I see where you are coming from, but I hope you are incorrect. There are still some issues that need to be addressed, such as the crippled mount, and video recording can also be improved expanded (for example, it could include RAW video recording, which a Canon camera that is 5 years old can do).

I know people on this forum like to say the other manufacturers aren't concerned with things like build quality, and that countless updates are made for no reason, but it's not true of their higher-end products. For example, the 5D Mark II was around for about 4-5 years before an update, and the 7D is looking the same way. And the Canon 1DS Mark II can still destroy almost any camera ever made, from an image quality point of view. I have seen 40"x60" prints from that camera that looked stunning. In fact, all this business about Canon's sensors being of poor quality is nonsense - unless one thinks at leas 25% of all professional photographs they ever see look poor.

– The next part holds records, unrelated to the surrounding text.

theorem mainTheorem6:
  fixes q :: "'A::finite \<Rightarrow> nat"
    and C :: "'A \<Rightarrow> 'A \<Rightarrow> 'A \<Rightarrow> 'k::field"
    and m :: "'s::finite \<Rightarrow> 's \<Rightarrow> 's"
    and part :: "'A \<Rightarrow> 'p"
    and Sp :: "'p \<Rightarrow> 's set"
    and n :: nat
    and T :: "'A list \<Rightarrow> 'k"
  assumes "lie_superalgebra_sc q C"
    and "abelian_semigroup m"
    and "resonant m C part Sp"
    and "invariant_tensor UNIV q C n T"
  shows "(\<forall>\<alpha> :: 's \<Rightarrow> 'k.
            invariant_tensor (resonant_basis part Sp) (\<lambda>X. q (fst X)) (exp_sc m C) n
              (\<lambda>Xs. \<Sum>\<gamma>\<in>UNIV. \<alpha> \<gamma> * selector m (map snd Xs) \<gamma> * T (map fst Xs)))
       \<and> (\<forall>z. is_zero_elem m z \<longrightarrow>
            (\<forall>\<alpha> :: 's \<Rightarrow> 'k.
              invariant_tensor (forced_basis part Sp z) (\<lambda>X. q (fst X)) (exp_sc m C) n
                (\<lambda>Xs. \<Sum>j\<in>UNIV - {z}. \<alpha> j * selector m (map snd Xs) j * T (map fst Xs))))"
proof (intro conjI allI impI)
  note expanded =
    invariant_tensor_expansion[OF \<open>abelian_semigroup m\<close> \<open>invariant_tensor UNIV q C n T\<close>]
  show "invariant_tensor (resonant_basis part Sp) (\<lambda>X. q (fst X)) (exp_sc m C) n
      (\<lambda>Xs. \<Sum>\<gamma>\<in>UNIV. \<alpha> \<gamma> * selector m (map snd Xs) \<gamma> * T (map fst Xs))" for \<alpha>
    by (rule invariant_tensor_resonant_subalgebra[OF \<open>resonant m C part Sp\<close> expanded])
  show "invariant_tensor (forced_basis part Sp z) (\<lambda>X. q (fst X)) (exp_sc m C) n
      (\<lambda>Xs. \<Sum>j\<in>UNIV - {z}. \<alpha> j * selector m (map snd Xs) j * T (map fst Xs))"
    if "is_zero_elem m z" for z \<alpha>
    by (rule invariant_tensor_forced_algebra[OF \<open>resonant m C part Sp\<close> expanded])
      (simp add: sum_selector_zero_elem[OF that])
qed

end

I think it's nice that Ron was able to have such a long conversation, and to report in such detail. However, I didn't see anything in it that resembled a plan, or any evidence of moves in a positive direction. I saw the same things they've been saying for years..."we're thinking about doing this, we're looking into doing that, we're talking about maybe researching the possibility of considering this..." I didn't see (if I recall correctly) a single thing that indicated that an action (outside of research) has been taken, of any kind whatsoever. Literally.

I also heard a lot of reasons why they can't be successful, which is loser talk. Maybe they will stay in business, but it is hard to imagine them ever being the leaders of anything. Other than incremental spec-sheet leads. It seems like they act primarily out of fear. Amidst the sea of different, and arguably innovative photography products that have come out in the last 5 years, Almost none of them have had the Pentax name. The ones that have been Pentax products, such as the Q, have been very, very poorly supported.